| TASK DIRECTIONS |
Every line with the string "assms" in it belongs in your answer, so copy them all from the data.

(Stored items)

- - - - - - -

lemma det_pencil_step_odd:
  assumes "odd k" and "cmod (c k) \<le> 1"
    and Dk: "det (pencil k c) = - (s * snd (szego (map c [0..<k])))"
    and DSk: "det (pencil (Suc k) c) = - (s * fst (szego (map c [0..<Suc k])))"
  shows "det (pencil (Suc (Suc k)) c) = s * snd (szego (map c [0..<Suc (Suc k)]))"
proof -
  define X B Bc B' :: "complex poly"
    where "X = [:0, 1:]" and "B = [:c k:]" and "Bc = [:cnj (c k):]" and "B' = [:c (Suc k):]"
  obtain p q where pq: "szego (map c [0..<k]) = (p, q)"
    by fastforce
  define P Q where "P = X * p - Bc * q" and "Q = q - B * (X * p)"
  have sz: "szego (map c [0..<Suc k]) = (P, Q)"
    unfolding szego_map_upt_Suc pq by (simp add: szego_step_def P_def Q_def X_def B_def Bc_def)
  have "(pencil_offdiag c k)\<^sup>2 = 1 - Bc * B"
    using assms(1,2) by (simp add: pencil_offdiag_def B_def Bc_def power2_eq_square cmv_rho_mult_self one_pCons)
  moreover have "pencil_diag c (Suc k) = B + B' * X"
    using assms(1) by (simp add: pencil_diag_def X_def B_def B'_def)
  ultimately have "det (pencil (Suc (Suc k)) c) = (B + B' * X) * - (s * P) - (1 - Bc * B) * - (s * q)"
    using Dk DSk by (simp only: det_tridiag_Suc_Suc pq sz fst_conv snd_conv)
  also have "\<dots> = s * (Q - B' * (X * P))"
    by (simp add: P_def Q_def algebra_simps)
  also have "Q - B' * (X * P) = snd (szego (map c [0..<Suc (Suc k)]))"
    unfolding szego_map_upt_Suc[of c "Suc k"] sz by (simp add: szego_step_def X_def B'_def)
  finally show ?thesis .
qed

lemma det_pencil:
  assumes "\<forall>j<2 * t. cmod (c j) \<le> 1"
  shows "det (pencil (2 * t) c) = (-1) ^ t * fst (szego (map c [0..<2 * t])) \<and>
    det (pencil (Suc (2 * t)) c) = - ((-1) ^ t * snd (szego (map c [0..<Suc (2 * t)])))"
  using assms
proof (induction t)
  case 0
  then show ?case
    by (simp add: det_tridiag_Suc_0 pencil_diag_def szego_def szego_step_def one_pCons)
next
  case (Suc t)
  then have D2: "det (pencil (Suc (Suc (2 * t))) c) = - ((-1) ^ t * fst (szego (map c [0..<Suc (Suc (2 * t))])))"
    by (intro det_pencil_step_even) auto
  then have "det (pencil (Suc (Suc (Suc (2 * t)))) c) = (-1) ^ t * snd (szego (map c [0..<Suc (Suc (Suc (2 * t)))]))"
    using Suc by (intro det_pencil_step_odd) auto
  with D2 show ?case
    by simp
qed

lemma det_pencil_unimodular_last:
  assumes "0 < N" and "\<forall>j<N. cmod (c j) \<le> 1" and "cmod (c (N - 1)) = 1"
  shows "\<exists>\<kappa>. det (pencil N c) = Polynomial.smult \<kappa> (fst (szego (map c [0..<N])))"
proof -
  have sign: "(-1) ^ t * p = Polynomial.smult ((-1) ^ t) p" for t and p :: "complex poly"
    by (simp add: minus_one_power_iff)
  obtain t where "N = 2 * t \<or> N = Suc (2 * t)"
    by (metis odd_two_times_div_two_succ dvd_mult_div_cancel Suc_eq_plus1)
  then show ?thesis
  proof
    assume N: "N = 2 * t"
    then have "det (pencil N c) = Polynomial.smult ((-1) ^ t) (fst (szego (map c [0..<N])))"
      using det_pencil[of t c] assms(2) sign by simp
    then show ?thesis ..
  next
    assume N: "N = Suc (2 * t)"
    then have "snd (szego (map c [0..<N])) = Polynomial.smult (- c (2 * t)) (fst (szego (map c [0..<N])))"
      using szego_snoc_unimodular[of "c (2 * t)" "map c [0..<2 * t]"] assms(3) by simp
    then have "det (pencil N c) = Polynomial.smult (c (2 * t) * (-1) ^ t) (fst (szego (map c [0..<N])))"
      using det_pencil[of t c] assms(2) N sign by simp
    then show ?thesis ..
  qed
qed

lemma cmv_L_carrier: "cmv_L N al b \<in> carrier_mat N N"
  by (simp add: cmv_L_def)

lemma cmv_M_carrier: "cmv_M N al b \<in> carrier_mat N N"
  by (simp add: cmv_M_def)

lemma CMV_carrier: "CMV al b \<in> carrier_mat (length al + 1) (length al + 1)"
  unfolding CMV_def using cmv_L_carrier cmv_M_carrier by (rule mult_carrier_mat)

lemma cmv_L_entry:
  fixes al :: "complex list" and b :: complex
  assumes "N = length al + 1" and "i < N" and "j < N"
  defines "c \<equiv> \<lambda>k. (al @ [b]) ! k"
  shows "cmv_L N al b $$ (i, j) =
    (if i = j then (if even i then cnj (c i) else - c (i - 1))
     else if j = Suc i then (if even i then cmv_rho (c i) else 0)
     else if i = Suc j then (if even j then cmv_rho (c j) else 0) else 0)"
proof -
  obtain q r where "i = 2 * q \<or> i = 2 * q + 1" and "j = 2 * r \<or> j = 2 * r + 1"
    by (metis odd_two_times_div_two_succ dvd_mult_div_cancel)
  then consider "i = 2 * q" "j = 2 * r" | "i = 2 * q" "j = 2 * r + 1"
    | "i = 2 * q + 1" "j = 2 * r" | "i = 2 * q + 1" "j = 2 * r + 1"
    by blast
  then show ?thesis
    using assms by cases (simp_all add: cmv_L_def theta_entry_def nth_append)
qed

lemma cmv_M_entry:
  fixes al :: "complex list" and b :: complex
  assumes "N = length al + 1" and "i < N" and "j < N"
  defines "c \<equiv> \<lambda>k. (al @ [b]) ! k"
  shows "cmv_M N al b $$ (i, j) =
    (if i = j then (if i = 0 then 1 else if odd i then cnj (c i) else - c (i - 1))
     else if j = Suc i then (if odd i then cmv_rho (c i) else 0)
     else if i = Suc j then (if odd j then cmv_rho (c j) else 0) else 0)"
proof -
  have "\<exists>q. k = 0 \<or> k = 2 * q + 1 \<or> k = 2 * q + 2" for k :: nat
    by presburger
  then obtain q r where "i = 0 \<or> i = 2 * q + 1 \<or> i = 2 * q + 2" and "j = 0 \<or> j = 2 * r + 1 \<or> j = 2 * r + 2"
    by meson
  then consider "i = 0" "j = 0" | "i = 0" "j = 2 * r + 1" | "i = 0" "j = 2 * r + 2"
    | "i = 2 * q + 1" "j = 0" | "i = 2 * q + 1" "j = 2 * r + 1" | "i = 2 * q + 1" "j = 2 * r + 2"
    | "i = 2 * q + 2" "j = 0" | "i = 2 * q + 2" "j = 2 * r + 1" | "i = 2 * q + 2" "j = 2 * r + 2"
    by blast
  then show ?thesis
    using assms by cases (simp_all add: cmv_M_def theta_entry_def nth_append)
qed

lemma sum_lessThan_two_support:
  assumes "i < N" and "\<forall>k<N. k \<noteq> i \<and> k \<noteq> Suc i \<longrightarrow> f k = 0"
  shows "(\<Sum>k<N. f k) = f i + (if Suc i < N then f (Suc i) else (0::'a::comm_monoid_add))"
proof -
  have "(\<Sum>k<N. f k) = (\<Sum>k\<in>{i..<min N (Suc (Suc i))}. f k)"
    by (rule sum.mono_neutral_right) (use assms in auto)
  also have "{i..<min N (Suc (Suc i))} = (if Suc i < N then {i, Suc i} else {i})"
    using assms(1) by auto
  finally show ?thesis
    by simp
qed

lemma cmv_L_unitary:
  assumes N: "N = length al + 1" and al: "\<forall>a\<in>set al. cmod a < 1" and b: "cmod b = 1"
  shows "cmv_L N al b * map_mat cnj (cmv_L N al b) = 1\<^sub>m N"
proof (rule eq_matI)
  let ?L = "cmv_L N al b"
  let ?c = "\<lambda>k. (al @ [b]) ! k"
  have norm_c: "cmod (?c k) \<le> 1" if "k < N" for k
    using al b N that by (cases "k < length al") (auto simp: nth_append less_imp_le)
  have last_c: "?c (N - 1) * cnj (?c (N - 1)) = 1"
    using b N complex_norm_square[of b] by (simp add: nth_append)
  fix i j
  assume "i < dim_row (1\<^sub>m N)" and "j < dim_col (1\<^sub>m N)"
  then have i: "i < N" and j: "j < N"
    by auto
  note L = cmv_L_entry[OF N]
  obtain q where q: "i = 2 * q \<or> i = 2 * q + 1"
    by (metis odd_two_times_div_two_succ dvd_mult_div_cancel)
  have odd_pred: "odd k" if "2 * q = Suc k" for k
    using that by presburger
  have "(?L * map_mat cnj ?L) $$ (i, j) = (\<Sum>k<N. ?L $$ (i, k) * cnj (?L $$ (k, j)))"
    using i j by (simp add: cmv_L_def scalar_prod_def lessThan_atLeast0)
  also have "\<dots> = ?L $$ (i, 2 * q) * cnj (?L $$ (2 * q, j))
      + (if Suc (2 * q) < N then ?L $$ (i, Suc (2 * q)) * cnj (?L $$ (Suc (2 * q), j)) else 0)"
    using i q odd_pred by (intro sum_lessThan_two_support) (auto simp: L)
  also have "\<dots> = 1\<^sub>m N $$ (i, j)"
  proof (cases "Suc (2 * q) < N")
    case True
    then have "cmod (?c (2 * q)) \<le> 1"
      using norm_c by simp
    then show ?thesis
      using i j q odd_pred True
      by (cases "j = 2 * q"; cases "j = Suc (2 * q)") (auto simp: L cmv_rho_mult_self mult.commute)
  next
    case False
    then have "i = 2 * q" and "N = Suc (2 * q)"
      using i q by auto
    then have "i = 2 * q" and "?c i * cnj (?c i) = 1"
      using last_c by simp_all
    then show ?thesis
      using i j odd_pred False by (auto simp: L mult.commute)
  qed
  finally show "(?L * map_mat cnj ?L) $$ (i, j) = 1\<^sub>m N $$ (i, j)" .
qed (simp_all add: cmv_L_def)

interpretation const_poly: comm_ring_hom "\<lambda>x :: 'a :: comm_ring_1. [:x:]"
  by unfold_locales auto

- - - - - - -

| OUTPUT OF THE EXERCISE |
    using assms(1,2) by (simp add: pencil_offdiag_def B_def Bc_def power2_eq_square cmv_rho_mult_self one_pCons)
    using assms(1) by (simp add: pencil_diag_def X_def B_def B'_def)
  using assms
      using det_pencil[of t c] assms(2) sign by simp
      using szego_snoc_unimodular[of "c (2 * t)" "map c [0..<2 * t]"] assms(3) by simp
      using det_pencil[of t c] assms(2) N sign by simp
    using assms by cases (simp_all add: cmv_L_def theta_entry_def nth_append)
    using assms by cases (simp_all add: cmv_M_def theta_entry_def nth_append)
    by (rule sum.mono_neutral_right) (use assms in auto)
    using assms(1) by auto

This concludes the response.